Borel registered surprise. "Me? I'm most humbly grateful, Excellency, but is an outsider like myself worthy of such an honor?" Meanwhile he thought: good old Zerdai! If I were the marrying kind… For a moment he wavered in his determination to shake her when she had served her turn.
"Nonsense, my lad; of course you're worthy. I'd have gone farther and proposed you for full membership, but the Council pointed out that the constitution allows that only to native-born Mikardanders of our own species. As 'tis, honorary membership will provide you with most of the privileges of membership and few of the obligations."
"I'm overcome with happiness."
"Of course there's the little matter of the initiation."
"What?" Borel controlled his face.
"Yes; waive it they would not, since no king are you. It amounts to little; much ceremony and a night's vigil. I'll coach you in the ritual. And you must obtain ceremonial robes; I'll make you a list."
Borel wished he had hiked the printing charges on the lottery material by another fifty percent.

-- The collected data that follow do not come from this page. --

(* Let $H$ be a compactly generated locally compact group such that for every pair $(X,\alpha),(Y,\beta)$ in $\mathrm{Geom}(H)$ the orbital map $X\to Y$ is a rough similarity. Then: (1) if $K$ is a compact normal subgroup of $H$, then for every pair $(X,\alpha),(Y,\beta)$ in $\mathrm{Geom}(H/K)$ the orbital map $X\to Y$ is a rough similarity; (2) if $G$ is a locally compact group receiving an injective continuous homomorphism from $H$ with closed cocompact image, then for every pair $(X,\alpha),(Y,\beta)$ in $\mathrm{Geom}(G)$ the orbital map $X\to Y$ is a rough similarity.
   Context: For a locally compact compactly generated group $G$, $\mathrm{Geom}(G)$ is the collection of pairs $(X,\alpha)$ with $X$ a proper geodesic metric space and $\alpha\colon G\to\mathrm{Isom}(X)$ a continuous, proper, cocompact action. For $(X,\alpha),(Y,\beta)\in\mathrm{Geom}(G)$ and points $o_X\in X$, $o_Y\in Y$, the orbital map is the map $\alpha(\gamma)o_X\mapsto\beta(\gamma)o_Y$ ($\gamma\in G$), extended to a quasiisometry $X\to Y$ and considered up to bounded distance. A map $\phi$ is a rough similarity if there are $\lambda>0$, $c\ge0$ with $\lambda d(x,x')-c\le d(\phi x,\phi x')\le\lambda d(x,x')+c$ for all $x,x'$. *)

theory Defs
  imports "HOL-Analysis.Analysis" "HOL-Algebra.Coset" "HOL-Algebra.Generated_Groups"
begin
lemma det_grounded_Lap_shift_nonzero:
  assumes t: "t \<ge> 0"
  shows "det (grounded_Lap + t \<cdot>\<^sub>m 1\<^sub>m (n - 1)) \<noteq> 0"
proof
  define m where "m = n - 1"
  have nm: "n = Suc m" unfolding m_def using n_pos by simp
  define C where "C = grounded_Lap + t \<cdot>\<^sub>m 1\<^sub>m m"
  have Cc: "C \<in> carrier_mat m m" unfolding C_def m_def mat_delete_def using Lap_carrier by auto
  have C_entry: "C $$ (i,j) = Lap $$ (Suc i, Suc j) + (if i = j then t else 0)"
    if "i < m" "j < m" for i j
    using that Lap_carrier unfolding C_def m_def mat_delete_def by auto
  assume "det (grounded_Lap + t \<cdot>\<^sub>m 1\<^sub>m (n - 1)) = 0"
  then obtain v where v: "v \<in> carrier_vec m" "v \<noteq> 0\<^sub>v m" "C *\<^sub>v v = 0\<^sub>v m"
    using det_0_iff_vec_prod_zero[OF Cc] unfolding C_def m_def by blast
  define x where "x k = (if k = 0 then 0 else v $ (k - 1))" for k
  have "(\<Sum>j<n. A $$ (k,j) * (x k - x j)) = - t * x k" if k: "0 < k" "k < n" for k
  proof -
    obtain i where i: "k = Suc i" "i < m" using k nm by (cases k) auto
    have "0 = (C *\<^sub>v v) $ i" using v i by simp
    also have "\<dots> = (\<Sum>j<m. Lap $$ (k, Suc j) * v $ j) + t * v $ i"
      using mat_mult_vec_entry_sum[OF Cc v(1) i(2)] i
      by (simp add: C_entry distrib_right sum.distrib sum_if_eq_mult)
    also have "(\<Sum>j<m. Lap $$ (k, Suc j) * v $ j) = (\<Sum>j<n. Lap $$ (k,j) * x j)"
      unfolding nm sum.lessThan_Suc_shift by (simp add: x_def)
    finally show ?thesis using Lap_mult_row[OF k(2), of x] i by (simp add: x_def)
  qed
  then have "\<forall>k<n. x k = 0" using t by (intro grounded_eigenvector_zero) (auto simp: x_def)
  then have "v = 0\<^sub>v m" using v(1) nm by (intro eq_vecI) (auto simp: x_def)
  with v(2) show False by simp
qed

lemma alpha_0_pos: "alpha n A 0 > 0"
proof -
  have "grounded_Lap \<in> carrier_mat (n - 1) (n - 1)"
    using Lap_carrier unfolding mat_delete_def by auto
  then have "det grounded_Lap > 0"
    using det_grounded_Lap_shift_nonzero by (rule det_pos_if_shifts_nonsingular)
  then show ?thesis unfolding alpha_def by simp
qed

lemma alpha_eq_scaled_potential:
  obtains \<kappa> where "\<kappa> > 0" "\<And>j. j < n \<Longrightarrow> alpha n A j = \<kappa> * potential j"
proof -
  obtain \<kappa> where \<kappa>: "\<forall>j<n. alpha n A j = \<kappa> * potential j"
    using alpha_proportional_potential by blast
  then have "\<kappa> > 0"
    using alpha_0_pos potential_pos[OF n_pos] n_pos by (auto simp: zero_less_mult_iff)
  then show ?thesis using \<kappa> that by blast
qed

lemma alpha_pos: "i < n \<Longrightarrow> alpha n A i > 0"
  using potential_pos by (metis alpha_eq_scaled_potential mult_pos_pos)

lemma alpha_weighted_sum_pos:
  assumes "\<And>i. i < n \<Longrightarrow> f i > 0"
  shows "(\<Sum>i<n. alpha n A i * f i) > 0"
  using assms alpha_pos n_pos by (intro sum_pos) (auto intro: mult_pos_pos)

The initiation proved not only expensive, but also an interplanetary bore as well. Brothers in fantastic robes and weird masks stood about muttering a mystic chant at intervals. Borel stood in front of the Grand Master of the Order, a tall Krishnan with a lined face, which might have been carved from wood for all the expression it bore. Borel responded to interminable questions; since the language was an archaic dialect of Gozashtandou, he did not really know what he was saying half the time. He was lectured on the Order's glorious past, mighty present, and boundless future, and on his duties to protect and defend his interests. He called down all sorts of elaborate astrological misfortunes on his head should he violate his oaths.